The Kindle device will read text out loud on books that have text-to-speech capability enabled. Unfortunately, due to DRM issues, most textbook publishers do not permit text-to-speech to be enabled. Find the Kindle version of the textbook you need on Amazon and see if the publisher has text-to-speech enabled. (If you don’t have a Kindle, these eTextbooks from Amazon can still be viewed on your laptop with Kindle for PC software.)
Options for other Books in Audio Format
If you need a certain novel for one of your classes, audio books can be purchased at Audible.com. If the book you seek is in the public domain, like many of the classics, you can find them at Project Gutenberg where many titles are available in plain text that can easily be input into a text-to-speech program. Some book titles have already been converted to audio and can be directly downloaded from their digital library.
Convert eTextbooks to Audio
Yet another option for getting your textbooks on audio is to purchase the digital version of the textbook at online retailers, notably CourseSmart and CengageBrain. While there can be a limit to the number of pages you're allowed to print, using an eTextbook you can open up your selected reading passage and Print to PDF. Once you have the reading selection in PDF form you can use the built-in Read Out Loud function in Adobe Reader.
With CourseSmart you can print up to 10 pages of the textbook at any time, so this could be useable for listening to your required readings. They do offer a free trial, so find the book you are looking for and see if this method will work for you.
Scan the Book and Convert to Audio
A last resort would be to simply buy a physical copy of the textbook and scan it. By using a scanner you can take advantage of OCR (Optical Character Recognition) technology, or text recognition software. Upon scanning, OCR software will take your scanned or other digital image and turn it into plain text that can be entered into any text-to-speech program.
A number of software products offer the ability to turn text into a downloadable audio MP3 file. Once you have downloaded the MP3, you can listen to the file on your PC, cell phone, iPod, or any other portable media player that supports the MP3 format.
You can scan the textbook into programs like Evernote and Microsoft OneNote that have built in OCR and text-to-speech technology. The advantage of scanning the textbook into Evernote is that it will allow you to search through the text of scanned documents, making it easy if you need to search for terms within the book.
Students with a Disability or Visual Impairment
Students with a documented disability should have an easier time obtaining an audio version of a textbook thanks to laws that require accessibility to all students.
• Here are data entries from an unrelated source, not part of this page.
(* Let $\mathcal{H}_{A_1},\mathcal{H}_{A_2}$ be finite-dimensional Hilbert spaces with fixed reference bases (and the product basis on $\mathcal{H}_{A_1}\otimes\mathcal{H}_{A_2}$). For all states $\rho_1$ on $\mathcal{H}_{A_1}$ and $\rho_2$ on $\mathcal{H}_{A_2}$, $$C_{\max}(\rho_1\otimes\rho_2)=C_{\max}(\rho_1)+C_{\max}(\rho_2).$$
   Context: $D_{\max}(\rho\|\sigma)=\min\{\lambda\ge0:\rho\leq2^\lambda\sigma\}$. $\mathcal{I}$ is the set of incoherent states (states diagonal in the reference basis), and the max-relative entropy of coherence is $C_{\max}(\rho)=\min_{\sigma\in\mathcal{I}}D_{\max}(\rho\|\sigma)$. *)

theory Defs
  imports "HOL-Analysis.Analysis" "HOL-Library.Complex_Order"
begin

text \<open>Operators on a finite-dimensional Hilbert space whose fixed reference (orthonormal)
basis is indexed by the finite type 'a are represented by their matrices in that basis.\<close>
type_synonym 'a cmat = "'a \<Rightarrow> 'a \<Rightarrow> complex"

definition psd :: "('a::finite) cmat \<Rightarrow> bool" where
  "psd A \<longleftrightarrow> (\<forall>v :: 'a \<Rightarrow> complex. 0 \<le> (\<Sum>i\<in>UNIV. \<Sum>j\<in>UNIV. cnj (v i) * A i j * v j))"

definition loewner_le :: "('a::finite) cmat \<Rightarrow> 'a cmat \<Rightarrow> bool" where
  "loewner_le A B \<longleftrightarrow> psd (\<lambda>i j. B i j - A i j)"

definition mtrace :: "('a::finite) cmat \<Rightarrow> complex" where
  "mtrace A = (\<Sum>i\<in>UNIV. A i i)"

definition density :: "('a::finite) cmat \<Rightarrow> bool" where
  "density \<rho> \<longleftrightarrow> psd \<rho> \<and> mtrace \<rho> = 1"

definition incoherent :: "('a::finite) cmat \<Rightarrow> bool" where
  "incoherent \<sigma> \<longleftrightarrow> density \<sigma> \<and> (\<forall>i j. i \<noteq> j \<longrightarrow> \<sigma> i j = 0)"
Copyright rules can be bent in these circumstances and alliances between colleges and publishers have taken form to help these students obtain textbooks in their preferred format.
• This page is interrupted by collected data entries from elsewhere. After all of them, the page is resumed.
theorem theorem3p2:
  fixes n r c :: nat
  assumes "r \<ge> 3" and "c \<ge> 1"
    and "n \<ge> r * (r - 1) * ((r - 1) * (r - 2) + 1) * c"
    and "(r^2 - r) dvd n"
    and "\<exists>(P :: nat set) L. affine_plane r P L"
  shows "\<exists>(V :: nat set) E. simple_graph V E \<and> card V = n \<and>
     real (min_degree V E) = (1 - real (r - 2) / real (r^2 - r)) * real n - real c - 1 \<and>
     real (mc r V E) \<le> real n / real (r - 1) - real c"
proof -
  obtain P :: "nat set" and L where plane: "affine_plane r P L"
    using assms(5) by blast
  have r_sq: "r^2 - r = r * (r - 1)"
    by (simp add: power2_eq_square diff_mult_distrib2)
  obtain k where n: "n = r * (r - 1) * k"
    using assms(4) unfolding r_sq by blast
  have "r * (r - 1) * (((r - 1) * (r - 2) + 1) * c) \<le> r * (r - 1) * k"
    using assms(3) unfolding n by (simp only: mult.assoc)
  moreover have "0 < r * (r - 1)"
    using assms(1) by simp
  ultimately have "((r - 1) * (r - 2) + 1) * c \<le> k"
    using mult_le_cancel1 by blast
  define b where "b = k - c"
  then have k: "k = b + c" and base_large: "(r - 1) * (r - 2) * c \<le> b"
    using \<open>((r - 1) * (r - 2) + 1) * c \<le> k\<close> by (auto simp: add_mult_distrib)
  moreover have "0 < (r - 1) * (r - 2) * c"
    using assms(1,2) by simp
  ultimately have "0 < b"
    by linarith
  obtain V :: "nat set" and E where "simple_graph V E" "card V = n"
    and degree: "min_degree V E + 1 + (r - 2) * k + c = n" and mc: "mc r V E + c \<le> r * k"
    using exists_blow_up_graph[OF plane assms(1) base_large \<open>0 < b\<close>] unfolding n k by metis
  have "real (min_degree V E) = (1 - real (r - 2) / real (r^2 - r)) * real n - real c - 1"
    using real_fractions_of_multiple(1)[of r k, folded n] assms(1) unfolding degree[symmetric] by simp
  moreover have "real (mc r V E) \<le> real n / real (r - 1) - real c"
    using real_fractions_of_multiple(2)[of r k, folded n] assms(1) mc
    by (simp add: of_nat_add[symmetric] of_nat_mult[symmetric] del: of_nat_add of_nat_mult)
  ultimately show ?thesis
    using \<open>simple_graph V E\<close> \<open>card V = n\<close> by blast
qed
end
Your college is more than likely partnered with Learning Ally or AccessText to ensure students with a disability have easy access to materials. Students who have a documented disability should reach out to their college’s Services for Students with Disabilities office for help in accessing audio textbooks.
Learning Ally, formerly known as Recording for the Blind and Dyslexic, is the largest source of recorded textbooks in the United States. There are currently about 150K titles in Learning Ally's online catalog, and any title not available can be recorded on request. These files can be downloaded or put onto a CD.
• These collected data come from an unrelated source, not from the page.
(* Let $K$ be a connected CW complex, $f:K\to K$ a pointed cellular map with $f\circ f\simeq f$, and $H:K\times I\to K$ a (not necessarily pointed) homotopy from $f$ to $f^2$. Let $d:K\to\mathrm{Tel}(f)$ and $u:\mathrm{Tel}(f)\to K$ be the maps described in the context. Then $g=d\circ u:\mathrm{Tel}(f)\to\mathrm{Tel}(f)$ satisfies $g\circ g\simeq g$, and if $g$ splits then $f$ splits.
   Context: $\mathrm{Tel}(f)$ is the union over $n\in\mathbb{Z}$ of the unreduced mapping cylinders $M_n$ of $f:K_n\to K_{n+1}$, each $K_n$ a copy of $K$, glued along the $K_{n+1}$. The map $d:K\to\mathrm{Tel}(f)$ is $f$ regarded as a map into the copy $K_0$; $u:\mathrm{Tel}(f)\to K$ equals $f$ on each copy $K_n$ and equals $H(x,t)$ at the point $(x,t)$ of $M_n$. A map $h:X\to X$ splits if there are a space $L$ and maps $d':X\to L$, $u':L\to X$ with $d'\circ u'\simeq\mathrm{id}_L$ and $u'\circ d'\simeq h$. Homotopies are free. *)

theory Defs
  imports "HOL-Analysis.Analysis"
begin

definition quotient_topology :: "'a topology \<Rightarrow> ('a \<Rightarrow> 'b) \<Rightarrow> 'b topology" where
  "quotient_topology X q =
     topology (\<lambda>U. U \<subseteq> q ` topspace X \<and> openin X {x \<in> topspace X. q x \<in> U})"

lemma istopology_quotient:
  "istopology (\<lambda>U. U \<subseteq> q ` topspace X \<and> openin X {x \<in> topspace X. q x \<in> U})"
proof -
  have 1: "openin X {x \<in> topspace X. q x \<in> S \<inter> T}"
    if "openin X {x \<in> topspace X. q x \<in> S}" "openin X {x \<in> topspace X. q x \<in> T}" for S T
  proof -
    have "{x \<in> topspace X. q x \<in> S \<inter> T} =
          {x \<in> topspace X. q x \<in> S} \<inter> {x \<in> topspace X. q x \<in> T}" by blast
    then show ?thesis using that by auto
  qed
  have 2: "openin X {x \<in> topspace X. q x \<in> \<Union>\<K>}"
    if "\<forall>K\<in>\<K>. openin X {x \<in> topspace X. q x \<in> K}" for \<K>
  proof -
    have "{x \<in> topspace X. q x \<in> \<Union>\<K>} = (\<Union>K\<in>\<K>. {x \<in> topspace X. q x \<in> K})" by blast
    then show ?thesis using that by auto
  qed
  show ?thesis unfolding istopology_def using 1 2 by blast
qed

definition disc_pts :: "nat \<Rightarrow> (nat \<Rightarrow> real) set" where
  "disc_pts n = {x. (\<forall>i\<ge>n. x i = 0) \<and> (\<Sum>i<n. (x i)^2) \<le> 1}"

definition open_disc_pts :: "nat \<Rightarrow> (nat \<Rightarrow> real) set" where
  "open_disc_pts n = {x. (\<forall>i\<ge>n. x i = 0) \<and> (\<Sum>i<n. (x i)^2) < 1}"

definition sphere_pts :: "nat \<Rightarrow> (nat \<Rightarrow> real) set" where
  "sphere_pts n = {x. (\<forall>i\<ge>n. x i = 0) \<and> (\<Sum>i<n. (x i)^2) = 1}"

text \<open>A CW structure on a space X (classical definition of J.H.C. Whitehead):
  C is the set of (open) cells, cdim gives the dimension of each cell and \<Phi> its
  characteristic map.\<close>

definition cw_structure ::
  "'a topology \<Rightarrow> 'a set set \<Rightarrow> ('a set \<Rightarrow> nat) \<Rightarrow> ('a set \<Rightarrow> (nat \<Rightarrow> real) \<Rightarrow> 'a) \<Rightarrow> bool" where
  "cw_structure X C cdim \<Phi> \<longleftrightarrow>
     Hausdorff_space X \<and>
     {} \<notin> C \<and> pairwise disjnt C \<and> \<Union>C = topspace X \<and>
     (\<forall>c\<in>C.
        continuous_map (subtopology (Euclidean_space (cdim c)) (disc_pts (cdim c))) X (\<Phi> c) \<and>
        homeomorphic_map (subtopology (Euclidean_space (cdim c)) (open_disc_pts (cdim c)))
                         (subtopology X c) (\<Phi> c) \<and>
        \<Phi> c ` sphere_pts (cdim c) \<subseteq> \<Union>{c'\<in>C. cdim c' < cdim c}) \<and>
     (\<forall>c\<in>C. finite {c'\<in>C. c' \<inter> X closure_of c \<noteq> {}}) \<and>
     (\<forall>A. A \<subseteq> topspace X \<longrightarrow> (\<forall>c\<in>C. closedin X (A \<inter> X closure_of c)) \<longrightarrow> closedin X A)"

definition skeleton :: "'a set set \<Rightarrow> ('a set \<Rightarrow> nat) \<Rightarrow> nat \<Rightarrow> 'a set" where
  "skeleton C cdim n = \<Union>{c\<in>C. cdim c \<le> n}"

definition cellular_map :: "'a set set \<Rightarrow> ('a set \<Rightarrow> nat) \<Rightarrow> ('a \<Rightarrow> 'a) \<Rightarrow> bool" where
  "cellular_map C cdim f \<longleftrightarrow> (\<forall>n. f ` skeleton C cdim n \<subseteq> skeleton C cdim n)"

definition splits_through :: "'b topology \<Rightarrow> 'a topology \<Rightarrow> ('a \<Rightarrow> 'a) \<Rightarrow> bool" where
  "splits_through L X h \<longleftrightarrow>
     (\<exists>d' u'. continuous_map X L d' \<and> continuous_map L X u' \<and>
              homotopic_with (\<lambda>_. True) L L (d' \<circ> u') id \<and>
              homotopic_with (\<lambda>_. True) X X (u' \<circ> d') h)"

text \<open>Points of Tel(f) are represented by triples (n, x, t) with n an integer (the index of
  the cylinder M_n), x a point of K (= K_n) and t in [0,1).  The space is the quotient of
  the disjoint union over n of the cylinders K_n \<times> [0,1] under the identification
  (n, x, 1) \<sim> (n+1, f x, 0), i.e. the union of the unreduced mapping cylinders M_n of
  f : K_n \<rightarrow> K_(n+1) glued along K_(n+1); the point (n, x, 0) is x in the copy K_n.\<close>

definition tel_quot :: "('a \<Rightarrow> 'a) \<Rightarrow> int \<times> 'a \<times> real \<Rightarrow> int \<times> 'a \<times> real" where
  "tel_quot f = (\<lambda>(n, x, t). if t = 1 then (n + 1, f x, 0) else (n, x, t))"

definition tel_cylinders :: "'a topology \<Rightarrow> (int \<times> 'a \<times> real) topology" where
  "tel_cylinders K = prod_topology (discrete_topology UNIV) (prod_topology K (top_of_set {0..1}))"

definition Tel :: "'a topology \<Rightarrow> ('a \<Rightarrow> 'a) \<Rightarrow> (int \<times> 'a \<times> real) topology" where
  "Tel K f = quotient_topology (tel_cylinders K) (tel_quot f)"

definition tel_d :: "('a \<Rightarrow> 'a) \<Rightarrow> 'a \<Rightarrow> int \<times> 'a \<times> real" where
  "tel_d f x = (0, f x, 0)"

text \<open>u : Tel(f) \<rightarrow> K is H(x,t) at the point (x,t) of M_n (and hence f on each K_n).\<close>
definition tel_u :: "('a \<times> real \<Rightarrow> 'a) \<Rightarrow> int \<times> 'a \<times> real \<Rightarrow> 'a" where
  "tel_u H = (\<lambda>(n, x, t). H (x, t))"

end

theory Submission
  imports Defs
begin

text \<open>Everything follows formally from two homotopies: \<open>u \<circ> d \<simeq> f\<close>, as \<open>H(-,0) = f\<close>,
  and \<open>d \<circ> f \<simeq> d\<close>, as \<open>d\<close> is \<open>f\<close> followed by the inclusion of \<open>K\<^sub>0\<close> and \<open>f \<circ> f \<simeq> f\<close>.
  Then \<open>g \<circ> g = d \<circ> (u \<circ> d) \<circ> u \<simeq> d \<circ> f \<circ> u \<simeq> g\<close>, and a splitting \<open>g \<simeq> u' \<circ> d'\<close>,
  \<open>d' \<circ> u' \<simeq> id\<close> yields the splitting \<open>d' \<circ> d\<close>, \<open>u \<circ> u'\<close> of \<open>f\<close> through the same space.\<close>

lemmas [trans] = homotopic_with_trans

lemma homotopic_idempotent_compose:
  assumes d: "continuous_map K T d" and u: "continuous_map T K u"
    and ud: "homotopic_with (\<lambda>_. True) K K (u \<circ> d) f"
    and df: "homotopic_with (\<lambda>_. True) K T (d \<circ> f) d"
  shows "homotopic_with (\<lambda>_. True) T T ((d \<circ> u) \<circ> (d \<circ> u)) (d \<circ> u)"
proof -
  have "homotopic_with (\<lambda>_. True) T T (d \<circ> (u \<circ> d) \<circ> u) (d \<circ> f \<circ> u)"
    using ud d u by (intro homotopic_compose) simp_all
  also have "homotopic_with (\<lambda>_. True) T T (d \<circ> f \<circ> u) (d \<circ> u)"
    using df u by (intro homotopic_compose) simp_all
  finally show ?thesis
    by (simp only: o_assoc)
qed

lemma splits_through_of_split_compose:
  assumes d: "continuous_map K T d" and u: "continuous_map T K u"
    and ud: "homotopic_with (\<lambda>_. True) K K (u \<circ> d) f"
    and ff: "homotopic_with (\<lambda>_. True) K K (f \<circ> f) f"
    and split: "splits_through L T (d \<circ> u)"
  shows "splits_through L K f"
proof -
  obtain d' u' where d': "continuous_map T L d'" and u': "continuous_map L T u'"
    and du': "homotopic_with (\<lambda>_. True) L L (d' \<circ> u') id"
    and ud': "homotopic_with (\<lambda>_. True) T T (u' \<circ> d') (d \<circ> u)"
    using split unfolding splits_through_def by blast
  have "homotopic_with (\<lambda>_. True) L L (d' \<circ> (d \<circ> u) \<circ> u') (d' \<circ> (u' \<circ> d') \<circ> u')"
    using homotopic_with_symD [OF ud'] d' u' by (intro homotopic_compose) simp_all
  also have "d' \<circ> (u' \<circ> d') \<circ> u' = (d' \<circ> u') \<circ> (d' \<circ> u')"
    by (simp add: o_assoc)
  also have "homotopic_with (\<lambda>_. True) L L \<dots> (id \<circ> id)"
    using du' by (intro homotopic_compose)
  also have "id \<circ> id = id"
    by simp
  finally have split_id: "homotopic_with (\<lambda>_. True) L L ((d' \<circ> d) \<circ> (u \<circ> u')) id"
    by (simp only: o_assoc)
  have "homotopic_with (\<lambda>_. True) K K (u \<circ> (u' \<circ> d') \<circ> d) (u \<circ> (d \<circ> u) \<circ> d)"
    using ud' u d by (intro homotopic_compose) simp_all
  also have "u \<circ> (d \<circ> u) \<circ> d = (u \<circ> d) \<circ> (u \<circ> d)"
    by (simp add: o_assoc)
  also have "homotopic_with (\<lambda>_. True) K K \<dots> (f \<circ> f)"
    using ud by (intro homotopic_compose)
  also note ff
  finally have split_f: "homotopic_with (\<lambda>_. True) K K ((u \<circ> u') \<circ> (d' \<circ> d)) f"
    by (simp only: o_assoc)
  show ?thesis
    unfolding splits_through_def
    using continuous_map_compose [OF d d'] continuous_map_compose [OF u' u] split_id split_f
    by blast
qed

lemma openin_quotient_topology:
  "openin (quotient_topology X q) U \<longleftrightarrow> U \<subseteq> q ` topspace X \<and> openin X {x \<in> topspace X. q x \<in> U}"
  unfolding quotient_topology_def by (simp only: topology_inverse' [OF istopology_quotient])

lemma topspace_quotient_topology: "topspace (quotient_topology X q) = q ` topspace X"
proof -
  have "{x \<in> topspace X. q x \<in> q ` topspace X} = topspace X"
    by auto
  then have "openin (quotient_topology X q) (q ` topspace X)"
    by (simp add: openin_quotient_topology)
  then show ?thesis
    by (metis openin_quotient_topology openin_subset openin_topspace subset_antisym)
qed

lemma continuous_map_quotient_topology: "continuous_map X (quotient_topology X q) q"
  unfolding continuous_map_def topspace_quotient_topology
  by (auto simp: openin_quotient_topology)

lemma continuous_map_from_quotient_topology:
  assumes "continuous_map X Y (g \<circ> q)"
  shows "continuous_map (quotient_topology X q) Y g"
proof -
  have "{x \<in> topspace X. q x \<in> {y \<in> q ` topspace X. g y \<in> V}} = {x \<in> topspace X. (g \<circ> q) x \<in> V}"
    for V
    by auto
  then show ?thesis
    using assms unfolding continuous_map_def topspace_quotient_topology
    by (auto simp: openin_quotient_topology)
qed

lemma continuous_map_tel_level: "continuous_map K (Tel K f) (\<lambda>x. (n, x, 0))"
proof -
  have "continuous_map K (tel_cylinders K) (\<lambda>x. (n, x, 0))"
    unfolding tel_cylinders_def
    by (intro continuous_map_pairedI continuous_map_id [unfolded id_def]) simp_all
  then have "continuous_map K (Tel K f) (tel_quot f \<circ> (\<lambda>x. (n, x, 0)))"
    unfolding Tel_def using continuous_map_quotient_topology by (rule continuous_map_compose)
  then show ?thesis
    by (simp add: o_def tel_quot_def)
qed

lemma tel_d_eq_level_compose: "tel_d f = (\<lambda>x. (0, x, 0)) \<circ> f"
  by (simp add: fun_eq_iff tel_d_def)

lemma continuous_map_tel_d:
  assumes "continuous_map K K f"
  shows "continuous_map K (Tel K f) (tel_d f)"
  unfolding tel_d_eq_level_compose using assms continuous_map_tel_level
  by (rule continuous_map_compose)

lemma continuous_map_tel_u:
  assumes f: "continuous_map K K f"
    and H: "continuous_map (prod_topology K (top_of_set {0..1})) K H"
    and H0: "\<And>x. x \<in> topspace K \<Longrightarrow> H (x, 0) = f x"
    and H1: "\<And>x. x \<in> topspace K \<Longrightarrow> H (x, 1) = f (f x)"
  shows "continuous_map (Tel K f) K (tel_u H)"
  unfolding Tel_def
proof (rule continuous_map_from_quotient_topology)
  have "continuous_map (tel_cylinders K) K (H \<circ> snd)"
    unfolding tel_cylinders_def using continuous_map_snd H by (rule continuous_map_compose)
  moreover have "(H \<circ> snd) p = (tel_u H \<circ> tel_quot f) p"
    if "p \<in> topspace (tel_cylinders K)" for p
  proof -
    obtain n x t where p: "p = (n, x, t)"
      by (cases p) auto
    have "x \<in> topspace K"
      using that by (simp add: p tel_cylinders_def)
    then show ?thesis
      using continuous_map_image_subset_topspace [OF f]
      by (auto simp: p tel_u_def tel_quot_def H0 H1)
  qed
  ultimately show "continuous_map (tel_cylinders K) K (tel_u H \<circ> tel_quot f)"
    by (rule continuous_map_eq)
qed

lemma homotopic_tel_u_tel_d:
  assumes f: "continuous_map K K f"
    and ff: "homotopic_with (\<lambda>_. True) K K (f \<circ> f) f"
    and u: "continuous_map (Tel K f) K (tel_u H)"
    and H0: "\<And>x. x \<in> topspace K \<Longrightarrow> H (x, 0) = f x"
  shows "homotopic_with (\<lambda>_. True) K K (tel_u H \<circ> tel_d f) f"
proof -
  have "homotopic_with (\<lambda>_. True) K K (tel_u H \<circ> tel_d f) (f \<circ> f)"
    using continuous_map_compose [OF continuous_map_tel_d [OF f] u]
      continuous_map_image_subset_topspace [OF f]
    by (intro homotopic_with_equal) (auto simp: tel_u_def tel_d_def H0)
  then show ?thesis
    using ff by (rule homotopic_with_trans)
qed

lemma homotopic_tel_d_compose:
  assumes "homotopic_with (\<lambda>_. True) K K (f \<circ> f) f"
  shows "homotopic_with (\<lambda>_. True) K (Tel K f) (tel_d f \<circ> f) (tel_d f)"
  unfolding tel_d_eq_level_compose o_assoc [symmetric]
  using assms continuous_map_tel_level
  by (rule homotopic_with_compose_continuous_map_left) auto

theorem lemma2p5:
  fixes K :: "'a topology" and C :: "'a set set" and cdim :: "'a set \<Rightarrow> nat"
    and \<Phi> :: "'a set \<Rightarrow> (nat \<Rightarrow> real) \<Rightarrow> 'a"
    and f :: "'a \<Rightarrow> 'a" and k0 :: 'a and H :: "'a \<times> real \<Rightarrow> 'a"
  assumes cw: "cw_structure K C cdim \<Phi>"
    and conn: "connected_space K"
    and base: "{k0} \<in> C" "cdim {k0} = 0"
    and fcont: "continuous_map K K f"
    and fpointed: "f k0 = k0"
    and fcell: "cellular_map C cdim f"
    and fidem: "homotopic_with (\<lambda>_. True) K K (f \<circ> f) f"
    and Hcont: "continuous_map (prod_topology K (top_of_set {0..1})) K H"
    and H0: "\<And>x. x \<in> topspace K \<Longrightarrow> H (x, 0) = f x"
    and H1: "\<And>x. x \<in> topspace K \<Longrightarrow> H (x, 1) = f (f x)"
  shows "homotopic_with (\<lambda>_. True) (Tel K f) (Tel K f)
           ((tel_d f \<circ> tel_u H) \<circ> (tel_d f \<circ> tel_u H)) (tel_d f \<circ> tel_u H)
         \<and> ((\<exists>L :: 'b topology. splits_through L (Tel K f) (tel_d f \<circ> tel_u H))
              \<longrightarrow> (\<exists>L :: 'b topology. splits_through L K f))"
proof -
  have d: "continuous_map K (Tel K f) (tel_d f)"
    using fcont by (rule continuous_map_tel_d)
  have u: "continuous_map (Tel K f) K (tel_u H)"
    using fcont Hcont H0 H1 by (rule continuous_map_tel_u)
  have ud: "homotopic_with (\<lambda>_. True) K K (tel_u H \<circ> tel_d f) f"
    using fcont fidem u H0 by (rule homotopic_tel_u_tel_d)
  have df: "homotopic_with (\<lambda>_. True) K (Tel K f) (tel_d f \<circ> f) (tel_d f)"
    using fidem by (rule homotopic_tel_d_compose)
  show ?thesis
    using homotopic_idempotent_compose [OF d u ud df]
      splits_through_of_split_compose [OF d u ud fidem]
    by blast
qed

end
Other Sources for Audio Textbooks
The Louis Database contains information on over 400,000 titles in accessible formats for those with a disability, including Braille, large print, sound recording and electronic files.
Project Gutenberg has books in multiple file extensions, with some having already been converted to audio format. Another useful site for free public domain audio books is Librivox.org.
If you can get your professor to adopt an open textbook, many titles can easily be made available in audio format.